I burst into breathless explanation as I started toward the bathroom, but remembered my purse and briefcase and gym bag lying outside near the front door. Abruptly I changed courses and ran to get them, only to idiotically get locked out of the front door in my haste and lunacy. I screamed, "NNNNOOOOOO!" I pounded on the front door.

Mai didn't come.

I ran around to the back door and pounded on it.

Mai didn't come.

I went to the side door and banged my fistful of keys against it.

Mai didn't come.

I went to the exterior windows closest to her office and pounded on those, too. I started to pee, and beat on the windows more and more frantically with a wail: "MMMAAAAAIIII!!!"

It was too late. I was feeling that complicated feeling of relief and warmth and shame.

Mai poked her head out of the building with a face full of fright. "Oh, it's you!" she breathed. "I was so scared! I was in here all alone, and I didn't know who was beating on everything."

"But you knew I was here!" I protested weakly, trying to cover myself with my bags. I locked myself in the bathroom with my shower supplies and the change of clothes in my gym bag.

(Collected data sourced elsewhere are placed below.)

text \<open>One step of the martingale argument behind McDiarmid's inequality: conditionally on the
  other coordinates, coordinate \<open>i\<close> moves \<open>f\<close> within an interval of length \<open>c\<close>, so Hoeffding's
  lemma bounds its contribution to the moment generating function.\<close>

lemma nn_integral_exp_insert_le:
  fixes f :: "('i \<Rightarrow> 'a) \<Rightarrow> real"
  assumes I: "finite I" "i \<notin> I" and fm[measurable]: "f \<in> borel_measurable (PiM (insert i I) (\<lambda>_. M))"
    and fB: "\<And>x. x \<in> space (PiM (insert i I) (\<lambda>_. M)) \<Longrightarrow> \<bar>f x\<bar> \<le> B"
    and fc: "bounded_differences (insert i I) M c f" and l: "l > 0"
  defines "g \<equiv> \<lambda>x. \<integral>y. f (x(i := y)) \<partial>M"
  shows "(\<integral>\<^sup>+x. ennreal (exp (l * (f x - (\<integral>x. f x \<partial>PiM (insert i I) (\<lambda>_. M))))) \<partial>PiM (insert i I) (\<lambda>_. M))
           \<le> (\<integral>\<^sup>+x. ennreal (exp (l * (g x - (\<integral>x. g x \<partial>PiM I (\<lambda>_. M))))) \<partial>PiM I (\<lambda>_. M))
              * ennreal (exp (l\<^sup>2 * c\<^sup>2 / 8))"
proof -
  let ?P = "PiM I (\<lambda>_. M)" and ?P' = "PiM (insert i I) (\<lambda>_. M)"
  interpret PS: product_prob_space "\<lambda>_. M" by (rule product_prob_spaceI) (rule prob_space_axioms)
  interpret P': prob_space ?P' by (rule prob_space_PiM) (rule prob_space_axioms)
  have fy_m: "(\<lambda>y. f (x(i := y))) \<in> borel_measurable M" if "x \<in> space ?P" for x
    using measurable_component_update[OF that I(2)] fm by (rule measurable_compose)
  have gm[measurable]: "g \<in> borel_measurable ?P"
    unfolding g_def by (rule integral_fun_upd_measurable[OF I(2) fm])
  define Ef where "Ef = (\<integral>x. f x \<partial>?P')"
  have "integrable ?P' f"
    by (rule P'.integrable_const_bound[where B=B]) (use fB in auto)
  then have Eg: "(\<integral>x. g x \<partial>?P) = Ef"
    unfolding g_def Ef_def by (rule PS.product_integral_insert[symmetric, OF I])
  have hoeff: "(\<integral>\<^sup>+y. ennreal (exp (l * (f (x(i := y)) - g x))) \<partial>M) \<le> ennreal (exp (l\<^sup>2 * c\<^sup>2 / 8))"
    if x: "x \<in> space ?P" for x
  proof -
    have osc: "f (x(i := y)) - f (x(i := y')) \<le> c" if "y \<in> space M" "y' \<in> space M" for y y'
      using fc fun_upd_in_space_PiM_insert[OF x that(2)] that(1) by (force simp: bounded_differences_def)
    have bnd: "\<bar>f (x(i := y))\<bar> \<le> B" if "y \<in> space M" for y
      using fB fun_upd_in_space_PiM_insert[OF x that] by blast
    show ?thesis unfolding g_def by (rule Hoeffdings_lemma_oscillation[OF fy_m[OF x] bnd osc l])
  qed
  have "(\<integral>\<^sup>+x. ennreal (exp (l * (f x - Ef))) \<partial>?P')
      = (\<integral>\<^sup>+x. (\<integral>\<^sup>+y. ennreal (exp (l * (g x - Ef))) * ennreal (exp (l * (f (x(i := y)) - g x))) \<partial>M) \<partial>?P)"
    by (subst PS.product_nn_integral_insert[OF I]) (measurable, auto intro!: nn_integral_cong
        simp: ennreal_mult[symmetric] exp_add[symmetric] algebra_simps)
  also have "\<dots> = (\<integral>\<^sup>+x. ennreal (exp (l * (g x - Ef)))
                        * (\<integral>\<^sup>+y. ennreal (exp (l * (f (x(i := y)) - g x))) \<partial>M) \<partial>?P)"
    using fy_m by (intro nn_integral_cong nn_integral_cmult) measurable
  also have "\<dots> \<le> (\<integral>\<^sup>+x. ennreal (exp (l * (g x - Ef))) * ennreal (exp (l\<^sup>2 * c\<^sup>2 / 8)) \<partial>?P)"
    by (intro nn_integral_mono mult_left_mono hoeff) auto
  also have "\<dots> = (\<integral>\<^sup>+x. ennreal (exp (l * (g x - Ef))) \<partial>?P) * ennreal (exp (l\<^sup>2 * c\<^sup>2 / 8))"
    by (rule nn_integral_multc) measurable
  finally show ?thesis unfolding Eg Ef_def .
qed

lemma McDiarmid_mgf:
  fixes f :: "('i \<Rightarrow> 'a) \<Rightarrow> real"
  assumes "finite I" "f \<in> borel_measurable (PiM I (\<lambda>_. M))"
    "\<And>x. x \<in> space (PiM I (\<lambda>_. M)) \<Longrightarrow> \<bar>f x\<bar> \<le> B" "bounded_differences I M c f" "l > 0"
  shows "(\<integral>\<^sup>+x. ennreal (exp (l * (f x - (\<integral>x. f x \<partial>PiM I (\<lambda>_. M))))) \<partial>PiM I (\<lambda>_. M))
           \<le> ennreal (exp (l\<^sup>2 * real (card I) * c\<^sup>2 / 8))"
  using assms
proof (induction I arbitrary: f rule: finite_induct)
  case empty
  have "space (PiM {} (\<lambda>_. M)) = {\<lambda>_. undefined}" by (simp add: PiM_empty)
  then show ?case
    by (simp add: PiM_empty lebesgue_integral_count_space_finite nn_integral_count_space_finite)
next
  case (insert i I)
  note IH = insert.IH[OF integral_fun_upd_measurable[OF insert.hyps(2) insert.prems(1)]
      abs_integral_fun_upd_le[OF insert.hyps(2) insert.prems(1,2)]
      bounded_differences_integral_fun_upd[OF insert.hyps(2) insert.prems(1-3)] insert.prems(4)]
  have "ennreal (exp (l\<^sup>2 * real (card I) * c\<^sup>2 / 8)) * ennreal (exp (l\<^sup>2 * c\<^sup>2 / 8))
      = ennreal (exp (l\<^sup>2 * real (card (insert i I)) * c\<^sup>2 / 8))"
    using insert.hyps by (simp add: ennreal_mult[symmetric] exp_add[symmetric] algebra_simps add_divide_distrib)
  then show ?case
    using order_trans[OF nn_integral_exp_insert_le[OF insert.hyps insert.prems] mult_right_mono[OF IH]]
    by simp
qed

lemma McDiarmid_inequality:
  fixes f :: "('i \<Rightarrow> 'a) \<Rightarrow> real"
  assumes I: "finite I" "I \<noteq> {}" and fm: "f \<in> borel_measurable (PiM I (\<lambda>_. M))"
    and fB: "\<And>x. x \<in> space (PiM I (\<lambda>_. M)) \<Longrightarrow> \<bar>f x\<bar> \<le> B"
    and fc: "bounded_differences I M c f" and c: "c > 0" and t: "t > 0"
  shows "measure (PiM I (\<lambda>_. M)) {x \<in> space (PiM I (\<lambda>_. M)). f x - (\<integral>x. f x \<partial>PiM I (\<lambda>_. M)) \<ge> t}
           \<le> exp (- 2 * t\<^sup>2 / (real (card I) * c\<^sup>2))"
proof -
  let ?P = "PiM I (\<lambda>_. M)"
  interpret P: prob_space ?P by (rule prob_space_PiM) (rule prob_space_axioms)
  define K where "K = real (card I)"
  have K0: "K > 0" using I by (simp add: K_def card_gt_0_iff)
  define Ef where "Ef = (\<integral>x. f x \<partial>?P)"
  define l where "l = 4 * t / (K * c\<^sup>2)"
  have l0: "l > 0" using K0 c t by (simp add: l_def)
  define S where "S = {x \<in> space ?P. f x - Ef \<ge> t}"
  have "S \<in> sets ?P" unfolding S_def using fm by measurable
  then have "emeasure ?P S = (\<integral>\<^sup>+x. indicator S x \<partial>?P)" by simp
  also have "\<dots> \<le> (\<integral>\<^sup>+x. ennreal (exp (- (l * t))) * ennreal (exp (l * (f x - Ef))) \<partial>?P)"
  proof (intro nn_integral_mono)
    fix x assume x: "x \<in> space ?P"
    show "indicator S x \<le> ennreal (exp (- (l * t))) * ennreal (exp (l * (f x - Ef)))"
    proof (cases "x \<in> S")
      case True
      then have "l * t \<le> l * (f x - Ef)" using l0 by (simp add: S_def)
      then have "1 \<le> exp (- (l * t)) * exp (l * (f x - Ef))" by (simp add: exp_add[symmetric])
      then show ?thesis using True by (simp add: ennreal_mult[symmetric])
    qed simp
  qed
  also have "\<dots> = ennreal (exp (- (l * t))) * (\<integral>\<^sup>+x. ennreal (exp (l * (f x - Ef))) \<partial>?P)"
    by (rule nn_integral_cmult) (use fm in measurable)
  also have "\<dots> \<le> ennreal (exp (- (l * t))) * ennreal (exp (l\<^sup>2 * K * c\<^sup>2 / 8))"
    using McDiarmid_mgf[OF I(1) fm fB fc l0] unfolding Ef_def K_def by (intro mult_left_mono) auto
  also have "\<dots> = ennreal (exp (- 2 * t\<^sup>2 / (K * c\<^sup>2)))"
  proof -
    have "- (l * t) + l\<^sup>2 * K * c\<^sup>2 / 8 = - 2 * t\<^sup>2 / (K * c\<^sup>2)"
      using K0 c by (simp add: l_def power2_eq_square field_simps)
    then show ?thesis by (simp add: ennreal_mult[symmetric] exp_add[symmetric])
  qed
  finally show ?thesis unfolding S_def Ef_def K_def by (simp add: P.emeasure_eq_measure)
qed

section \<open>Concentration of the empirical mean of bounded random vectors\<close>

lemma PiM_integral_component:
  fixes h :: "'a \<Rightarrow> real"
  assumes "m \<in> I" "h \<in> borel_measurable M"
  shows "(\<integral>\<omega>. h (\<omega> m) \<partial>PiM I (\<lambda>_. M)) = (\<integral>z. h z \<partial>M)"
proof -
  have "distr (PiM I (\<lambda>_. M)) M (\<lambda>\<omega>. \<omega> m) = M"
    by (rule distr_PiM_component) (use assms prob_space_axioms in auto)
  then show ?thesis
    using integral_distr[of "\<lambda>\<omega>. \<omega> m" "PiM I (\<lambda>_. M)" M h] assms by simp
qed

lemma PiM_integral_product_pair:
  fixes h1 h2 :: "'a \<Rightarrow> real"
  assumes I: "finite I" "m \<in> I" "m' \<in> I" "m \<noteq> m'" and h: "integrable M h1" "integrable M h2"
  shows "(\<integral>\<omega>. h1 (\<omega> m) * h2 (\<omega> m') \<partial>PiM I (\<lambda>_. M)) = (\<integral>z. h1 z \<partial>M) * (\<integral>z. h2 z \<partial>M)"
proof -
  interpret PS: product_prob_space "\<lambda>_. M" by (rule product_prob_spaceI) (rule prob_space_axioms)
  define F where "F j = (if j = m then h1 else if j = m' then h2 else (\<lambda>_. 1::real))" for j
  have int: "integrable M (F j)" for j using h by (simp add: F_def)
  have split: "(\<Prod>j\<in>I. G j) = G m * G m' * (\<Prod>j\<in>I - {m} - {m'}. G j)" for G :: "_ \<Rightarrow> real"
    using I by (simp add: prod.remove[of I m] prod.remove[of "I - {m}" m'] mult.assoc)
  have "(\<integral>\<omega>. (\<Prod>j\<in>I. F j (\<omega> j)) \<partial>PiM I (\<lambda>_. M)) = (\<Prod>j\<in>I. integral\<^sup>L M (F j))"
    by (rule PS.product_integral_prod[OF I(1) int])
  then show ?thesis
    unfolding split using I by (simp add: F_def prob_space)
qed

lemma integrable_PiM_sq_mean:
  fixes h :: "'a \<Rightarrow> real"
  assumes hm: "h \<in> borel_measurable M" and hB: "\<And>z. z \<in> space M \<Longrightarrow> \<bar>h z\<bar> \<le> B" and n: "n > 0"
  shows "integrable (PiM {0..<n} (\<lambda>_. M)) (\<lambda>\<omega>. ((1 / real n) * (\<Sum>m<n. h (\<omega> m)))\<^sup>2)"
proof -
  let ?P = "PiM {0..<n} (\<lambda>_. M)"
  interpret P: prob_space ?P by (rule prob_space_PiM) (rule prob_space_axioms)
  have "((1 / real n) * (\<Sum>m<n. h (\<omega> m)))\<^sup>2 \<le> B\<^sup>2" if "\<omega> \<in> space ?P" for \<omega>
    using abs_mean_le[OF n, of "\<lambda>m. h (\<omega> m)" B] hB that
    by (metis abs_ge_zero power2_abs power_mono PiE_mem atLeastLessThan_iff less_eq_nat.simps(1) space_PiM)
  moreover have "(\<lambda>\<omega>. h (\<omega> m)) \<in> borel_measurable ?P" if "m < n" for m
    using that by (intro measurable_PiM_component_comp hm) simp
  ultimately show ?thesis by (intro P.integrable_const_bound[where B="B\<^sup>2"]) auto
qed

Immediately after my attempts to salvage my dignity, I went into the office kitchen to make some more coffee, and managed to pour a pot of water all over the counter.

Today is AWESOME.

February 2, 2009

Conversation with N.

Alternative title to this blog: Feedback that should not need to be given, but sometimes you've been wandering around in so many mazes in confusion that you need it.

N: Good, that's good. It's supposed to be fun. You're supposed to smile and laugh and do things and have a good time. Love is supposed to be joyous. If it 's not, then something's not right. If you're terrified and upset and worried, it's not right. If those things happen, you know it's something you need to get the hell away from.

A: I didn't cry at any point, either.

N: Good! There should definitely be no crying the first time you meet someone--I don't care what the reason is. It's supposed to be fun. It's supposed to make you happy.

Please pardon my dust

I'm working to go back through my old blog entries to add labels to all of them. I didn't start labeling until a few months ago, and there were hundreds of entries left uncategorized from my blogging dark ages. I am finding it necessary to add a few additional labels, too. For example, my waxing adventures (and my colorful esthetician, Penny) have necessitated the new category of "wax on/wax off."

This will make it much easier to look stuff up (for me and for both of you that read this). That way, if you want to read every single thing I've written on the topic of love (categorized as "L is for the way you look at me" and by far my very favorite topic), you will soon be able to do so. For better or worse.